● EXERCISE DATA
◆ ◆ ◆ ◆ ◆ ◆ ◆

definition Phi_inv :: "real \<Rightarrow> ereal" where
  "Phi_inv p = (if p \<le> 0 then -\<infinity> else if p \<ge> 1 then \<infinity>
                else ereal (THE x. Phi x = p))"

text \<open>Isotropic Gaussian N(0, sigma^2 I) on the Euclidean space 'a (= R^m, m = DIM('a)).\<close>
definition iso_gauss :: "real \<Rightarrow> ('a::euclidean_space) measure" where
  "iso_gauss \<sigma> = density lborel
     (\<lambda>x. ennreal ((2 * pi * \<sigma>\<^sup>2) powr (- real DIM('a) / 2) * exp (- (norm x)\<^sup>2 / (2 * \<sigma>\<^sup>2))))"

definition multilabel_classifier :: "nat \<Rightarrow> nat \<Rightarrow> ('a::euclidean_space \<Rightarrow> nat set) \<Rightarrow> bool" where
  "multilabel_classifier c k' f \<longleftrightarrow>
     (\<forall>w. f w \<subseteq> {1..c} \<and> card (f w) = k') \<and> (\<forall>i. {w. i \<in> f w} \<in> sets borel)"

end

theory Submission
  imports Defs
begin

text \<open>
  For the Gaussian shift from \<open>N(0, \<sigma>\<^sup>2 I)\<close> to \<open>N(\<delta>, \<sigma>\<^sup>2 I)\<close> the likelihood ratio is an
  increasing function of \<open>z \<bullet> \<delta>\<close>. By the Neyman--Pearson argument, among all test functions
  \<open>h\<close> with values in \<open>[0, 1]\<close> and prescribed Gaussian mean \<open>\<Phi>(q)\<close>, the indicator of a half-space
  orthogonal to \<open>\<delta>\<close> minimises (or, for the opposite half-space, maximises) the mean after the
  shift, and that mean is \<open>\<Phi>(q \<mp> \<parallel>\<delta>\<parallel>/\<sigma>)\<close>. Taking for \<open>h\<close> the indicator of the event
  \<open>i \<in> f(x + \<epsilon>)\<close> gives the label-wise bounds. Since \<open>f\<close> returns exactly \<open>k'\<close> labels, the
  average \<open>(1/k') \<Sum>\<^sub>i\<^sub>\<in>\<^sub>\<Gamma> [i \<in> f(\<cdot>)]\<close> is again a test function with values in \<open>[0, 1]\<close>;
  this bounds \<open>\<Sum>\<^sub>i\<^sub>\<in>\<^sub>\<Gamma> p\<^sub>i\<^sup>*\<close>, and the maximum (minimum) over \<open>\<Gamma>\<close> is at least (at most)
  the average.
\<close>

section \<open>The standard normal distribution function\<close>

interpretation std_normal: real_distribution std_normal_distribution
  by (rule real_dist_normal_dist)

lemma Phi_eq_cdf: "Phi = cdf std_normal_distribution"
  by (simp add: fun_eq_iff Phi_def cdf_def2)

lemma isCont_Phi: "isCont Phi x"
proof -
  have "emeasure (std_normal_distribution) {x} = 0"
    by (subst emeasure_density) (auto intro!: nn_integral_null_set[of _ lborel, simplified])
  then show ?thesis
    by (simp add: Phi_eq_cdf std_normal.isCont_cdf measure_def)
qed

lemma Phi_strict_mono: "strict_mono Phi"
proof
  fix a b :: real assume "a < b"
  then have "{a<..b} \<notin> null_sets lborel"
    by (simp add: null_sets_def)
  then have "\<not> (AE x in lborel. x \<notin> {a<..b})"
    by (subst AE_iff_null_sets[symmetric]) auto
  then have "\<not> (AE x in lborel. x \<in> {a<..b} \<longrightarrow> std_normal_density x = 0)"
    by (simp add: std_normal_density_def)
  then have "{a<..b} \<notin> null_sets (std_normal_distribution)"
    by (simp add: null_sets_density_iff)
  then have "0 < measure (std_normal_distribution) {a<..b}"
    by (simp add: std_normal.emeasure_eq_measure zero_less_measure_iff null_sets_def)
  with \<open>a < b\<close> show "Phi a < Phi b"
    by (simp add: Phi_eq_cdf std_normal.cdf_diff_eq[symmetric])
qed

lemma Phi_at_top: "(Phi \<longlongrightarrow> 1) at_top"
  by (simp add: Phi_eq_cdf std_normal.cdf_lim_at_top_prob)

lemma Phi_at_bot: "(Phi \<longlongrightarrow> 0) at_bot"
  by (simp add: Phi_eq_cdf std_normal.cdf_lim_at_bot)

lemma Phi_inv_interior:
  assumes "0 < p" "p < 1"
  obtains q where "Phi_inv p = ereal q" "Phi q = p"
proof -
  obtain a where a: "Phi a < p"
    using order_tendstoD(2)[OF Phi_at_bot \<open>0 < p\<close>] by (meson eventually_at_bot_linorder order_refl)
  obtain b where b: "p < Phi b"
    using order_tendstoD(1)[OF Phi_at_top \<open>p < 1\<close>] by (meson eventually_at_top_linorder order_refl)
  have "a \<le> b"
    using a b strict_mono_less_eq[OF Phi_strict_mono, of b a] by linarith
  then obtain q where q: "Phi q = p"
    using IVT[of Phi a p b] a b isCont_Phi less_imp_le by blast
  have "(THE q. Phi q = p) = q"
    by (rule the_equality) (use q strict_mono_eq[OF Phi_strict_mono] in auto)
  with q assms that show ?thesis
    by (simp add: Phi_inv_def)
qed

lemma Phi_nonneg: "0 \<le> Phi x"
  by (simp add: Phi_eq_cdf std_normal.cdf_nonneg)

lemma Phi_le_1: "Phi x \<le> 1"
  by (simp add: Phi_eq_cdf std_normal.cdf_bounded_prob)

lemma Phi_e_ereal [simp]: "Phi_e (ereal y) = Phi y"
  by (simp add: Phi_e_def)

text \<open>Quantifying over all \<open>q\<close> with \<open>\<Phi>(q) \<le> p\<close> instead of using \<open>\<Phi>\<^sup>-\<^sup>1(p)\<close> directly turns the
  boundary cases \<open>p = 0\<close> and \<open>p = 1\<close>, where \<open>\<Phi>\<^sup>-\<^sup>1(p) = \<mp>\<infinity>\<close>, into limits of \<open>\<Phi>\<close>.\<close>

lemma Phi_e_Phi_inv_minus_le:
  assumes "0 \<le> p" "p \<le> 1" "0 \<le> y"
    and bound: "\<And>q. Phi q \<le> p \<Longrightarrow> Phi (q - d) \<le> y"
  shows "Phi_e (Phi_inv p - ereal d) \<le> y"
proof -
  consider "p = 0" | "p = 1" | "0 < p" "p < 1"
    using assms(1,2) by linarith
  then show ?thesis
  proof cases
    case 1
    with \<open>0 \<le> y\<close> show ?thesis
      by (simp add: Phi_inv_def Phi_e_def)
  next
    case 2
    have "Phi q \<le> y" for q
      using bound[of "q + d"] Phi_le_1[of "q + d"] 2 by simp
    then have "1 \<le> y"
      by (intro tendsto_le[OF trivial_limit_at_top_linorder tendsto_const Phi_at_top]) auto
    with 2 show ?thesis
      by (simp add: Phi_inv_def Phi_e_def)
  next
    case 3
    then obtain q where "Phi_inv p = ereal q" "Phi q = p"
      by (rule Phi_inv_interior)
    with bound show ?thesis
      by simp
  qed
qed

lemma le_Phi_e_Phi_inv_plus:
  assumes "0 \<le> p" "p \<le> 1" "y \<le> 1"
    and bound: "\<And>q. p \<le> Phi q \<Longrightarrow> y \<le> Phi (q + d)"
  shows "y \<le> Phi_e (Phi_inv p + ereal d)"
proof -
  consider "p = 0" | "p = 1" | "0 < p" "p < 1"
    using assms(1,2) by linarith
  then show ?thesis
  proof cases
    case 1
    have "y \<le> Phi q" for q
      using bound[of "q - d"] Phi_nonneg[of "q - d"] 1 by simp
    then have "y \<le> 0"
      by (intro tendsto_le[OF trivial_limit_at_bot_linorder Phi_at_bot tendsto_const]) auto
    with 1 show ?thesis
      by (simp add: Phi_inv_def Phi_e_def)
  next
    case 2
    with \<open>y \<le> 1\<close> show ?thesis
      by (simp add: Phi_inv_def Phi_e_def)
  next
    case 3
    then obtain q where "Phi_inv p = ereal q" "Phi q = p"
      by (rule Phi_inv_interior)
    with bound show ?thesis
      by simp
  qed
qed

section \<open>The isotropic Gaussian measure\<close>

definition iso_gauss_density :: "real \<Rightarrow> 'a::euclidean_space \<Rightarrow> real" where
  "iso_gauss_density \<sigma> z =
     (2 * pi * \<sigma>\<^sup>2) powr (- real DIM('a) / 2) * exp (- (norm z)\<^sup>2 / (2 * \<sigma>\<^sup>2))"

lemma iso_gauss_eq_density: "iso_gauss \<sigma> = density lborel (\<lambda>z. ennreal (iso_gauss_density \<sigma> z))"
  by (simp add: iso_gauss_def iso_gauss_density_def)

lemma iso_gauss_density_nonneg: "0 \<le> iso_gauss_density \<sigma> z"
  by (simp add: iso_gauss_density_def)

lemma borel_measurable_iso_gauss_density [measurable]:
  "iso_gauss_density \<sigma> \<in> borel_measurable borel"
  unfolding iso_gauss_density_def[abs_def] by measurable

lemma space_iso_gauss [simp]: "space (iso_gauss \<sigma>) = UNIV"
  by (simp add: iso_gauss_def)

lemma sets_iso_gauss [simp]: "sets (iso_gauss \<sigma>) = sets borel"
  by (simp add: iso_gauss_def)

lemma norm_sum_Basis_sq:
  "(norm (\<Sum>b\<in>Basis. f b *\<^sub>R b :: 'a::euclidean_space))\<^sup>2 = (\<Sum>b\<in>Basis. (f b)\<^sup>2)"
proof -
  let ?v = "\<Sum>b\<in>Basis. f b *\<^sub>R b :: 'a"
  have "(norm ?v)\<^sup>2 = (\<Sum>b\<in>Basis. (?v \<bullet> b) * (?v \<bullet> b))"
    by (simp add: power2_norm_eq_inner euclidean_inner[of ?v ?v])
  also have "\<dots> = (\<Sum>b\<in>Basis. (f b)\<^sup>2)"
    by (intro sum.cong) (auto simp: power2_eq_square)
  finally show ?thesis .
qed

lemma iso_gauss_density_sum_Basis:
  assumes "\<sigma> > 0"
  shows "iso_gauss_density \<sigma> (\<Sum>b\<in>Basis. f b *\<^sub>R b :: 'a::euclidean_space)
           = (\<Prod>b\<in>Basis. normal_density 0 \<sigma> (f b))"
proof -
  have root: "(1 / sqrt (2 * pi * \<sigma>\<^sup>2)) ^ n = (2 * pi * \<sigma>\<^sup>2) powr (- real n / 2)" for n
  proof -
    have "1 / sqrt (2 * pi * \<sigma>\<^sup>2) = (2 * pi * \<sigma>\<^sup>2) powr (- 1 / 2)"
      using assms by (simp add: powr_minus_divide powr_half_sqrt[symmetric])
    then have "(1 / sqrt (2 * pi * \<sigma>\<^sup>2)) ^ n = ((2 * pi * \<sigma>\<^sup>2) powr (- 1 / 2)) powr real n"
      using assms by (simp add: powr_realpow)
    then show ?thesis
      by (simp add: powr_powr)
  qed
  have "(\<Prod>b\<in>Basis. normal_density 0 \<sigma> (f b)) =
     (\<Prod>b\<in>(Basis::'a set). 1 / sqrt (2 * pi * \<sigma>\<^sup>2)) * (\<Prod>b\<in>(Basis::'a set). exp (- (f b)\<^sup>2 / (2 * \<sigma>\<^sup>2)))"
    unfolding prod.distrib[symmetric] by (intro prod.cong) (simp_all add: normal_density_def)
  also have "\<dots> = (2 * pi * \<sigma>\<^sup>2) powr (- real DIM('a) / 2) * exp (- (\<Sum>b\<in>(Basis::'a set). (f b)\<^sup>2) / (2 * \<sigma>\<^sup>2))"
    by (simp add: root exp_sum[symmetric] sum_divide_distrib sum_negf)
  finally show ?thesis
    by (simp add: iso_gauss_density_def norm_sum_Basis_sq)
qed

◆ ◆ ◆ ◆ ◆ ◆ ◆

● WORK ITEM
Repeat only the lines above, from the first line of the entries through the line that contains "For the Gaussian", including both ends.

● EXPECTED OUTPUT
definition Phi_inv :: "real \<Rightarrow> ereal" where
  "Phi_inv p = (if p \<le> 0 then -\<infinity> else if p \<ge> 1 then \<infinity>
                else ereal (THE x. Phi x = p))"

text \<open>Isotropic Gaussian N(0, sigma^2 I) on the Euclidean space 'a (= R^m, m = DIM('a)).\<close>
definition iso_gauss :: "real \<Rightarrow> ('a::euclidean_space) measure" where
  "iso_gauss \<sigma> = density lborel
     (\<lambda>x. ennreal ((2 * pi * \<sigma>\<^sup>2) powr (- real DIM('a) / 2) * exp (- (norm x)\<^sup>2 / (2 * \<sigma>\<^sup>2))))"

definition multilabel_classifier :: "nat \<Rightarrow> nat \<Rightarrow> ('a::euclidean_space \<Rightarrow> nat set) \<Rightarrow> bool" where
  "multilabel_classifier c k' f \<longleftrightarrow>
     (\<forall>w. f w \<subseteq> {1..c} \<and> card (f w) = k') \<and> (\<forall>i. {w. i \<in> f w} \<in> sets borel)"

end

theory Submission
  imports Defs
begin

text \<open>
  For the Gaussian shift from \<open>N(0, \<sigma>\<^sup>2 I)\<close> to \<open>N(\<delta>, \<sigma>\<^sup>2 I)\<close> the likelihood ratio is an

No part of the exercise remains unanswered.